■ **EXERCISE DETAILS**
When you reach the line containing "In a standard" in the data below, begin returning lines exactly as written, and stop once the line containing "classes of that" has been returned.

■ **THE DATA**
text \<open>
  Work with the rank function r of M: the restriction M|F has the rank function r on F and the
  contraction M/F has X \<mapsto> r (X \<union> F) - r F on E - F. Glue the given non-standard coloring of
  one side to a rank-preserving rainbow-circuit-free coloring of the other side; every loopless
  matroid has one (colour e by the least i such that e is spanned by b 1, ..., b i, for a basis
  b 1, ..., b n), and M/F is loopless because F is a flat. The union is rank-preserving, and it
  is rainbow-circuit-free since a rainbow circuit either lies in F or, by submodularity, meets
  E - F in a set that is dependent in M/F.

  In a standard ordering S 1, ..., S r of the union every element of S i raises the rank of
  A (i - 1) = S 1 \<union> ... \<union> S (i - 1) to that of A i. Intersecting the prefixes A i with F, or
  joining them with F, gives orderings of the two parts in which the rank changes only at the
  classes of that part: it rises there (by submodularity) for M|F, and by at most one for M/F.
  As the number of classes of each part equals its total rise in rank, it rises by exactly one at
  each of them, so both induced orderings would be standard.
\<close>

section \<open>Rank functions\<close>

locale rank_function =
  fixes G :: "'a set" and \<rho> :: "'a set \<Rightarrow> nat"
  assumes finite_ground: "finite G"
    and rank_empty: "\<rho> {} = 0"
    and rank_singleton_le: "e \<in> G \<Longrightarrow> \<rho> {e} \<le> 1"
    and rank_mono: "X \<subseteq> Y \<Longrightarrow> Y \<subseteq> G \<Longrightarrow> \<rho> X \<le> \<rho> Y"
    and rank_submod: "X \<subseteq> G \<Longrightarrow> Y \<subseteq> G \<Longrightarrow> \<rho> (X \<union> Y) + \<rho> (X \<inter> Y) \<le> \<rho> X + \<rho> Y"

definition rank_indep :: "'a set \<Rightarrow> ('a set \<Rightarrow> nat) \<Rightarrow> 'a set set" where
  "rank_indep G \<rho> = {X. X \<subseteq> G \<and> \<rho> X = card X}"

context rank_function
begin

lemma rank_function_subset:
  assumes "A \<subseteq> G"
  shows "rank_function A \<rho>"
proof
  show "finite A" using assms finite_ground by (rule finite_subset)
  show "\<rho> {} = 0" by (rule rank_empty)
  show "\<rho> {e} \<le> 1" if "e \<in> A" for e using that assms by (intro rank_singleton_le) auto
  show "\<rho> X \<le> \<rho> Y" if "X \<subseteq> Y" "Y \<subseteq> A" for X Y using that assms by (intro rank_mono) auto
  show "\<rho> (X \<union> Y) + \<rho> (X \<inter> Y) \<le> \<rho> X + \<rho> Y" if "X \<subseteq> A" "Y \<subseteq> A" for X Y
    using that assms by (intro rank_submod) auto
qed

lemma rank_insert_le:
  assumes "X \<subseteq> G" "e \<in> G"
  shows "\<rho> (insert e X) \<le> \<rho> X + 1"
proof -
  have "\<rho> (X \<union> {e}) + \<rho> (X \<inter> {e}) \<le> \<rho> X + \<rho> {e}"
    using assms by (intro rank_submod) auto
  then show ?thesis using rank_singleton_le[OF assms(2)] by simp
qed

lemma rank_le_card: "X \<subseteq> G \<Longrightarrow> \<rho> X \<le> card X"
proof (induction X rule: infinite_finite_induct)
  case (insert x X)
  then show ?case using rank_insert_le[of X x] by simp
qed (auto simp: rank_empty finite_subset[OF _ finite_ground])

lemma rank_insert_less_antimono:
  assumes "X \<subseteq> Y" "Y \<subseteq> G" "e \<in> G" "\<rho> Y < \<rho> (insert e Y)"
  shows "\<rho> X < \<rho> (insert e X)"
proof -
  have "insert e X \<union> Y = insert e Y" using assms(1) by auto
  then have "\<rho> (insert e Y) + \<rho> (insert e X \<inter> Y) \<le> \<rho> (insert e X) + \<rho> Y"
    using rank_submod[of "insert e X" Y] assms by auto
  moreover have "\<rho> X \<le> \<rho> (insert e X \<inter> Y)" using assms by (intro rank_mono) auto
  ultimately show ?thesis using assms(4) by linarith
qed

lemma rank_Un_cong:
  assumes "X \<subseteq> Y" "Y \<subseteq> G" "Z \<subseteq> G" "\<rho> X = \<rho> Y"
  shows "\<rho> (X \<union> Z) = \<rho> (Y \<union> Z)"
proof -
  have "(X \<union> Z) \<union> Y = Y \<union> Z" using assms(1) by auto
  then have "\<rho> (Y \<union> Z) + \<rho> ((X \<union> Z) \<inter> Y) \<le> \<rho> (X \<union> Z) + \<rho> Y"
    using rank_submod[of "X \<union> Z" Y] assms by auto
  moreover have "\<rho> X \<le> \<rho> ((X \<union> Z) \<inter> Y)" using assms by (intro rank_mono) auto
  moreover have "\<rho> (X \<union> Z) \<le> \<rho> (Y \<union> Z)" using assms by (intro rank_mono) auto
  ultimately show ?thesis using assms(4) by linarith
qed

lemma rank_Un_spanned:
  assumes "X \<subseteq> G" "Z \<subseteq> G" "\<And>c. c \<in> Z \<Longrightarrow> \<rho> (insert c X) = \<rho> X"
  shows "\<rho> (X \<union> Z) = \<rho> X"
  using finite_subset[OF assms(2) finite_ground] assms(2,3)
proof (induction Z rule: finite_induct)
  case (insert c Z)
  have "\<not> \<rho> (X \<union> Z) < \<rho> (insert c (X \<union> Z))"
    using rank_insert_less_antimono[of X "X \<union> Z" c] insert assms(1) by auto
  moreover have "\<rho> (X \<union> Z) \<le> \<rho> (insert c (X \<union> Z))" using insert assms(1) by (intro rank_mono) auto
  ultimately show ?case using insert by auto
qed simp

lemma rank_indep_subset:
  assumes "X \<in> rank_indep G \<rho>" "Y \<subseteq> X"
  shows "Y \<in> rank_indep G \<rho>"
proof -
  have X: "X \<subseteq> G" "\<rho> X = card X" and "finite X"
    using assms(1) finite_subset[OF _ finite_ground] by (auto simp: rank_indep_def)
  have "Y \<union> (X - Y) = X" "Y \<inter> (X - Y) = {}" using assms(2) by auto
  then have "\<rho> X + \<rho> {} \<le> \<rho> Y + \<rho> (X - Y)"
    using rank_submod[of Y "X - Y"] assms X by auto
  moreover have "card X = card Y + card (X - Y)"
    using \<open>finite X\<close> assms(2) by (metis card_Diff_subset card_mono finite_subset le_add_diff_inverse)
  moreover have "\<rho> (X - Y) \<le> card (X - Y)" "\<rho> Y \<le> card Y"
    using X assms(2) by (auto intro!: rank_le_card)
  ultimately have "\<rho> Y = card Y" using rank_empty X(2) by linarith
  then show ?thesis using X assms(2) by (auto simp: rank_indep_def)
qed

lemma rank_maximal_indep:
  assumes "B \<subseteq> X" "X \<subseteq> G" "B \<in> rank_indep G \<rho>"
    and maximal: "\<And>c. c \<in> X - B \<Longrightarrow> insert c B \<notin> rank_indep G \<rho>"
  shows "\<rho> X = \<rho> B"
proof -
  have B: "\<rho> B = card B" "finite B"
    using assms finite_subset[OF _ finite_ground] by (auto simp: rank_indep_def)
  have "\<rho> (insert c B) = \<rho> B" if c: "c \<in> X - B" for c
  proof -
    have "\<rho> (insert c B) \<noteq> card (insert c B)" using maximal[OF c] c assms(1,2) by (auto simp: rank_indep_def)
    moreover have "\<rho> (insert c B) \<le> \<rho> B + 1" "\<rho> B \<le> \<rho> (insert c B)"
      using rank_insert_le[of B c] rank_mono[of B "insert c B"] c assms(1,2) by auto
    ultimately show ?thesis using B c by auto
  qed
  then have "\<rho> (B \<union> (X - B)) = \<rho> B" using assms(1,2) by (intro rank_Un_spanned) auto
  moreover have "B \<union> (X - B) = X" using assms(1) by auto
  ultimately show ?thesis by simp
qed

lemma finite_subsets:
  assumes "X \<subseteq> G"
  shows "finite {Y. Y \<subseteq> X \<and> P Y}"
proof (rule finite_subset)
  show "{Y. Y \<subseteq> X \<and> P Y} \<subseteq> Pow X" by blast
  show "finite (Pow X)" using finite_subset[OF assms finite_ground] by simp
qed

lemma exists_spanning_indep:
  assumes "X \<subseteq> G"
  obtains B where "B \<subseteq> X" "B \<in> rank_indep G \<rho>" "\<rho> B = \<rho> X"
proof -
  let ?C = "{B. B \<subseteq> X \<and> B \<in> rank_indep G \<rho>}"
  have "?C \<noteq> {}" using rank_empty by (auto simp: rank_indep_def)
  from finite_has_maximal[OF finite_subsets[OF assms] this]
  obtain B where B: "B \<in> ?C" and max: "\<forall>B'\<in>?C. B \<subseteq> B' \<longrightarrow> B = B'"
    by blast
  have "\<rho> X = \<rho> B"
  proof (rule rank_maximal_indep)
    show "insert c B \<notin> rank_indep G \<rho>" if "c \<in> X - B" for c
      using max B that by blast
  qed (use B assms in auto)
  with B show thesis by (intro that) auto
qed

lemma mrank_rank_indep:
  assumes "X \<subseteq> G"
  shows "mrank (rank_indep G \<rho>) X = \<rho> X"
proof -
  let ?K = "card ` {Y. Y \<subseteq> X \<and> Y \<in> rank_indep G \<rho>}"
  have finite: "finite ?K" using finite_subsets[OF assms] by (rule finite_imageI)
  have upper: "y \<le> \<rho> X" if y: "y \<in> ?K" for y
  proof -
    obtain Y where "Y \<subseteq> X" "Y \<in> rank_indep G \<rho>" "y = card Y" using y by blast
    then show ?thesis using rank_mono[of Y X] assms by (simp add: rank_indep_def)
  qed
  have attained: "\<rho> X \<in> ?K"
  proof -
    obtain B where "B \<subseteq> X" "B \<in> rank_indep G \<rho>" "\<rho> B = \<rho> X"
      using exists_spanning_indep[OF assms] .
    then show ?thesis by (intro image_eqI[of _ _ B]) (auto simp: rank_indep_def)
  qed
  show ?thesis unfolding mrank_def using Max_eqI[OF finite upper attained] .
qed

lemma basis_disjoint_iff: "(\<exists>B. basis (rank_indep G \<rho>) B \<and> Y \<inter> B = {}) \<longleftrightarrow> \<rho> (G - Y) = \<rho> G"
proof
  assume "\<exists>B. basis (rank_indep G \<rho>) B \<and> Y \<inter> B = {}"
  then obtain B where B: "B \<in> rank_indep G \<rho>" "\<And>X. X \<in> rank_indep G \<rho> \<Longrightarrow> B \<subseteq> X \<Longrightarrow> X = B"
    and "Y \<inter> B = {}" unfolding basis_def by blast
  then have "B \<subseteq> G - Y" by (auto simp: rank_indep_def)
  moreover have "\<rho> G = \<rho> B"
  proof (rule rank_maximal_indep)
    show "insert c B \<notin> rank_indep G \<rho>" if "c \<in> G - B" for c
      using B(2)[of "insert c B"] that by blast
  qed (use B in \<open>auto simp: rank_indep_def\<close>)
  ultimately show "\<rho> (G - Y) = \<rho> G"
    using rank_mono[of B "G - Y"] rank_mono[of "G - Y" G] by auto
next
  assume Y: "\<rho> (G - Y) = \<rho> G"
  obtain B where B: "B \<subseteq> G - Y" "B \<in> rank_indep G \<rho>" "\<rho> B = \<rho> (G - Y)"
    using exists_spanning_indep[of "G - Y"] by blast
  have "X = B" if "X \<in> rank_indep G \<rho>" "B \<subseteq> X" for X
  proof -
    have "card X \<le> card B" using that B Y rank_mono[of X G] by (auto simp: rank_indep_def)
    moreover have "finite X" using that finite_subset[OF _ finite_ground] by (auto simp: rank_indep_def)
    ultimately have "B = X" using card_seteq that(2) by blast
    then show ?thesis by simp
  qed
  then show "\<exists>B. basis (rank_indep G \<rho>) B \<and> Y \<inter> B = {}"
    using B by (auto simp: basis_def)
qed

end

section \<open>Cuts and standard colorings in terms of rank\<close>

definition rank_cut :: "'a set \<Rightarrow> ('a set \<Rightarrow> nat) \<Rightarrow> 'a set \<Rightarrow> bool" where
  "rank_cut A \<rho> S \<longleftrightarrow> \<rho> (A - S) < \<rho> A \<and> (\<forall>e\<in>S. \<rho> (insert e (A - S)) = \<rho> A)"

definition rank_standard :: "'a set \<Rightarrow> ('a set \<Rightarrow> nat) \<Rightarrow> 'a set set \<Rightarrow> bool" where
  "rank_standard G \<rho> P \<longleftrightarrow> (\<exists>S. bij_betw S {1..\<rho> G} P \<and>
     (\<forall>i\<in>{1..\<rho> G}. rank_cut (\<Union>(S ` {1..i})) \<rho> (S i)))"

definition contract_rank :: "('a set \<Rightarrow> nat) \<Rightarrow> 'a set \<Rightarrow> 'a set \<Rightarrow> nat" where
  "contract_rank \<rho> F X = \<rho> (X \<union> F) - \<rho> F"

lemma restr_indep_rank_indep: "A \<subseteq> G \<Longrightarrow> restr_indep (rank_indep G \<rho>) A = rank_indep A \<rho>"
  by (auto simp: restr_indep_def rank_indep_def)

context rank_function
begin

■ **WORKED SOLUTION**
  In a standard ordering S 1, ..., S r of the union every element of S i raises the rank of
  A (i - 1) = S 1 \<union> ... \<union> S (i - 1) to that of A i. Intersecting the prefixes A i with F, or
  joining them with F, gives orderings of the two parts in which the rank changes only at the
  classes of that part: it rises there (by submodularity) for M|F, and by at most one for M/F.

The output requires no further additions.